-- TASK DETAILS --
Beginning with the opening line, restate the following material exactly, up through the line that contains "theory Submission".

-- INFORMATION --
▼
(* There exist $\delta_1>0$ and $C_1>0$ such that for every $(\ell,\xi)\in[-\delta_1,\delta_1]\times[-\delta_1,\delta_1]$, $|\lambda^+_{0,\ell,\xi}-\lambda^+_{-1,\ell,\xi}|\ge C_1|(\ell,\xi)|$ and $|\lambda^-_{0,\ell,\xi}-\lambda^-_{1,\ell,\xi}|\ge C_1|(\ell,\xi)|$, and for every $n\in\mathbb Z$ and sign $\#\in\{+,-\}$ with $(n,\#)\notin\{(0,+),(0,-),(1,-),(-1,+)\}$, $|\lambda^\#_{n,\ell,\xi}|\ge C_1$.
   Context: Fix $\kappa>0$ and set $\mu_0:=\kappa/\tanh(\kappa)$. Let $F:\mathbb R\to\mathbb R$ be the odd analytic function with $F(r)=\sqrt{r\tanh r}$ for $r\ge0$. For $n\in\mathbb Z$ and $(\ell,\xi)\in\mathbb R^2$ set $|n\kappa|_{\ell,\xi}:=\sqrt{(n\kappa+\xi)^2+\ell^2}$ and $\lambda^\pm_{n,\ell,\xi}:=i\big(n\kappa+\xi\pm\sqrt{\mu_0}\,F(|n\kappa|_{\ell,\xi})\big)$; these are the eigenvalues of $\begin{pmatrix} i(n\kappa+\xi) & F(|n\kappa|_{\ell,\xi})^2\\ -\mu_0 & i(n\kappa+\xi)\end{pmatrix}$. Here $|(\ell,\xi)|=\sqrt{\ell^2+\xi^2}$. *)

theory Defs
  imports "HOL-Analysis.Analysis"
begin

definition mu0 :: "real \<Rightarrow> real" where
  "mu0 \<kappa> = \<kappa> / tanh \<kappa>"

definition Fdisp :: "real \<Rightarrow> real" where
  "Fdisp r = (if r \<ge> 0 then sqrt (r * tanh r) else - sqrt ((- r) * tanh (- r)))"

definition nkabs :: "real \<Rightarrow> int \<Rightarrow> real \<Rightarrow> real \<Rightarrow> real" where
  "nkabs \<kappa> n l \<xi> = sqrt ((of_int n * \<kappa> + \<xi>)\<^sup>2 + l\<^sup>2)"

text \<open>lam \<kappa> s n l \<xi>: s = True for the sign +, s = False for the sign -.\<close>
definition lam :: "real \<Rightarrow> bool \<Rightarrow> int \<Rightarrow> real \<Rightarrow> real \<Rightarrow> complex" where
  "lam \<kappa> s n l \<xi> = \<i> * complex_of_real (of_int n * \<kappa> + \<xi> +
      (if s then 1 else -1) * sqrt (mu0 \<kappa>) * Fdisp (nkabs \<kappa> n l \<xi>))"

end

theory Submission
  imports Defs
begin

text \<open>Write \<open>\<omega>(r) = \<surd>\<mu>\<^sub>0 F(r)\<close>, so that \<open>\<lambda>\<^sup>\<plusminus>\<^sub>n = i(n\<kappa> + \<xi> \<plusminus> \<omega>(|n\<kappa>|))\<close> and \<open>\<omega>(\<kappa>) = \<kappa>\<close>;
  hence \<open>\<lambda>\<^sup>+\<^sub>0\<close> and \<open>\<lambda>\<^sup>+\<^sub>-\<^sub>1\<close> both vanish at \<open>(\<ell>,\<xi>) = 0\<close>. Their difference is
  \<open>\<kappa> + \<omega>(\<rho>) - \<omega>(|(\<xi>-\<kappa>,\<ell>)|)\<close> with \<open>\<rho> = |(\<ell>,\<xi>)|\<close>, which is at least
  \<open>(\<omega>'(0) - \<omega>'(\<kappa>))\<rho> - O(\<rho>\<^sup>2)\<close>; the slope gap \<open>\<omega>'(\<kappa>) < \<omega>'(0) = \<surd>\<mu>\<^sub>0\<close> reduces to the
  elementary inequality \<open>\<kappa>(1 - tanh \<kappa>)\<^sup>2 < tanh \<kappa>\<close>. All other eigenvalues stay away from 0:
  either \<open>n\<kappa> + \<xi>\<close> and \<open>\<plusminus>\<omega>\<close> have the same sign, or \<open>|n\<kappa> + \<xi>| \<ge> 2\<kappa> - \<delta>\<close>, where \<open>\<omega>(r) \<le> \<theta>r\<close>
  with \<open>\<theta> < 1\<close> because \<open>\<omega>(r)/r\<close> decreases strictly and equals 1 at \<open>r = \<kappa>\<close>.
  The minus branch reduces to the plus branch via \<open>\<lambda>\<^sup>-\<^sub>n(\<ell>,\<xi>) = -\<lambda>\<^sup>+\<^sub>-\<^sub>n(\<ell>,-\<xi>)\<close>.\<close>

lemma tanh_le_self:
  fixes x :: real
  assumes "0 \<le> x"
  shows "tanh x \<le> x"
proof -
  have "(\<lambda>x. x - tanh x) 0 \<le> (\<lambda>x. x - tanh x) x"
  proof (rule DERIV_nonneg_imp_nondecreasing[OF assms])
    fix y :: real
    show "\<exists>d. ((\<lambda>x. x - tanh x) has_real_derivative d) (at y) \<and> 0 \<le> d"
      by (intro exI[of _ "tanh y ^ 2"]) (auto intro!: derivative_eq_intros)
  qed
  then show ?thesis by simp
qed

lemma sinh_ge_self:
  fixes x :: real
  assumes "0 \<le> x"
  shows "x \<le> sinh x"
proof -
  have "(\<lambda>x. sinh x - x) 0 \<le> (\<lambda>x. sinh x - x) x"
  proof (rule DERIV_nonneg_imp_nondecreasing[OF assms])
    fix y :: real
    show "\<exists>d. ((\<lambda>x. sinh x - x) has_real_derivative d) (at y) \<and> 0 \<le> d"
      by (intro exI[of _ "cosh y - 1"]) (auto intro!: derivative_eq_intros simp: cosh_real_ge_1)
  qed
  then show ?thesis by simp
qed

lemma tanh_ge_div_one_plus:
  fixes x :: real
  assumes "0 \<le> x"
  shows "x / (1 + x) \<le> tanh x"
proof -
  define e where "e = exp (-2 * x)"
  have "0 < e" by (simp add: e_def)
  have "e * (1 + 2 * x) \<le> e * exp (2 * x)"
    using \<open>0 < e\<close> exp_ge_add_one_self[of "2 * x"] by simp
  also have "\<dots> = 1" by (simp add: e_def flip: exp_add)
  finally have "x * (1 + e) \<le> (1 - e) * (1 + x)" by (simp add: algebra_simps)
  then have "x / (1 + x) \<le> (1 - e) / (1 + e)"
    using assms \<open>0 < e\<close> by (simp add: divide_simps)
  then show ?thesis unfolding tanh_real_altdef e_def .
qed

lemma one_minus_tanh_sq: "1 - tanh x ^ 2 = 1 / cosh x ^ 2" for x :: real
proof -
  have "cosh x \<noteq> 0" by (metis cosh_real_pos less_irrefl)
  then have "1 - tanh x ^ 2 = (cosh x ^ 2 - sinh x ^ 2) / cosh x ^ 2"
    by (simp add: tanh_def power_divide field_simps)
  then show ?thesis by (simp add: cosh_square_eq)
qed

lemma mult_one_minus_tanh_sq_le_tanh:
  fixes x :: real
  assumes "0 \<le> x"
  shows "x * (1 - tanh x ^ 2) \<le> tanh x"
proof -
  have "2 * x \<le> sinh (2 * x)" using sinh_ge_self assms by simp
  then have "x \<le> sinh x * cosh x" by (simp add: sinh_double)
  then have "x / cosh x ^ 2 \<le> sinh x * cosh x / cosh x ^ 2"
    by (simp add: divide_right_mono)
  also have "\<dots> = tanh x" by (simp add: tanh_def power2_eq_square)
  finally show ?thesis unfolding one_minus_tanh_sq by simp
qed

lemma tanh_add_le:
  fixes x y :: real
  assumes "0 \<le> x" "0 \<le> y"
  shows "tanh (x + y) \<le> tanh x + y * (1 - tanh x ^ 2)"
proof -
  define t u where "t = tanh x" and "u = tanh y"
  have t: "0 \<le> t" "t < 1" using assms by (auto simp: t_def tanh_real_lt_1)
  have u: "0 \<le> u" "u \<le> y" using assms tanh_le_self[of y] by (auto simp: u_def)
  have s: "0 \<le> 1 - t ^ 2" using t by (simp add: power_le_one)
  have "1 + t * u \<noteq> 0" using t u by (simp add: add_nonneg_eq_0_iff)
  then have "tanh (x + y) = t + u * (1 - t ^ 2) / (1 + t * u)"
    by (simp add: tanh_add flip: t_def u_def) (simp add: field_simps power2_eq_square)
  also have "\<dots> \<le> t + u * (1 - t ^ 2) / 1"
    using t u s by (intro add_left_mono divide_left_mono) (auto intro: add_pos_nonneg)
  also have "\<dots> \<le> t + y * (1 - t ^ 2)"
    using u s by (simp add: mult_right_mono)
  finally show ?thesis by (simp add: t_def)
qed

lemma tanh_div_self_strict_antimono:
  fixes x y :: real
  assumes "0 < x" "x < y"
  shows "tanh y / y < tanh x / x"
proof -
  define d t u where "d = y - x" and "t = tanh x" and "u = tanh d"
  have d: "0 < d" using assms by (simp add: d_def)
  have t: "0 < t" "t < 1" using assms by (auto simp: t_def tanh_real_lt_1)
  have u: "0 < u" "u \<le> d" using d tanh_le_self[of d] by (auto simp: u_def)
  have "x * u * (1 - t ^ 2) \<le> u * t"
    using mult_one_minus_tanh_sq_le_tanh[of x] assms u
    by (simp add: t_def mult.commute mult.left_commute mult_left_mono)
  also have "\<dots> \<le> d * t" using u t by (simp add: mult_right_mono)
  also have "\<dots> < d * t * (1 + t * u)" using d t u by simp
  finally have "x * (t + u) < y * t * (1 + t * u)"
    by (simp add: d_def algebra_simps power2_eq_square)
  moreover have "tanh y = (t + u) / (1 + t * u)"
    using tanh_add[of x d] by (simp add: d_def t_def u_def)
  moreover have "0 < 1 + t * u" using t u by (simp add: add_pos_pos)
  ultimately have "x * tanh y < y * t"
    by (simp add: pos_divide_less_eq mult.assoc)
  then have "x * tanh y < y * tanh x" by (simp add: t_def)
  then show ?thesis using assms by (simp add: divide_simps mult.commute)
qed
▲
-- RESULT --
(* There exist $\delta_1>0$ and $C_1>0$ such that for every $(\ell,\xi)\in[-\delta_1,\delta_1]\times[-\delta_1,\delta_1]$, $|\lambda^+_{0,\ell,\xi}-\lambda^+_{-1,\ell,\xi}|\ge C_1|(\ell,\xi)|$ and $|\lambda^-_{0,\ell,\xi}-\lambda^-_{1,\ell,\xi}|\ge C_1|(\ell,\xi)|$, and for every $n\in\mathbb Z$ and sign $\#\in\{+,-\}$ with $(n,\#)\notin\{(0,+),(0,-),(1,-),(-1,+)\}$, $|\lambda^\#_{n,\ell,\xi}|\ge C_1$.
   Context: Fix $\kappa>0$ and set $\mu_0:=\kappa/\tanh(\kappa)$. Let $F:\mathbb R\to\mathbb R$ be the odd analytic function with $F(r)=\sqrt{r\tanh r}$ for $r\ge0$. For $n\in\mathbb Z$ and $(\ell,\xi)\in\mathbb R^2$ set $|n\kappa|_{\ell,\xi}:=\sqrt{(n\kappa+\xi)^2+\ell^2}$ and $\lambda^\pm_{n,\ell,\xi}:=i\big(n\kappa+\xi\pm\sqrt{\mu_0}\,F(|n\kappa|_{\ell,\xi})\big)$; these are the eigenvalues of $\begin{pmatrix} i(n\kappa+\xi) & F(|n\kappa|_{\ell,\xi})^2\\ -\mu_0 & i(n\kappa+\xi)\end{pmatrix}$. Here $|(\ell,\xi)|=\sqrt{\ell^2+\xi^2}$. *)

theory Defs
  imports "HOL-Analysis.Analysis"
begin

definition mu0 :: "real \<Rightarrow> real" where
  "mu0 \<kappa> = \<kappa> / tanh \<kappa>"

definition Fdisp :: "real \<Rightarrow> real" where
  "Fdisp r = (if r \<ge> 0 then sqrt (r * tanh r) else - sqrt ((- r) * tanh (- r)))"

definition nkabs :: "real \<Rightarrow> int \<Rightarrow> real \<Rightarrow> real \<Rightarrow> real" where
  "nkabs \<kappa> n l \<xi> = sqrt ((of_int n * \<kappa> + \<xi>)\<^sup>2 + l\<^sup>2)"

text \<open>lam \<kappa> s n l \<xi>: s = True for the sign +, s = False for the sign -.\<close>
definition lam :: "real \<Rightarrow> bool \<Rightarrow> int \<Rightarrow> real \<Rightarrow> real \<Rightarrow> complex" where
  "lam \<kappa> s n l \<xi> = \<i> * complex_of_real (of_int n * \<kappa> + \<xi> +
      (if s then 1 else -1) * sqrt (mu0 \<kappa>) * Fdisp (nkabs \<kappa> n l \<xi>))"

end

theory Submission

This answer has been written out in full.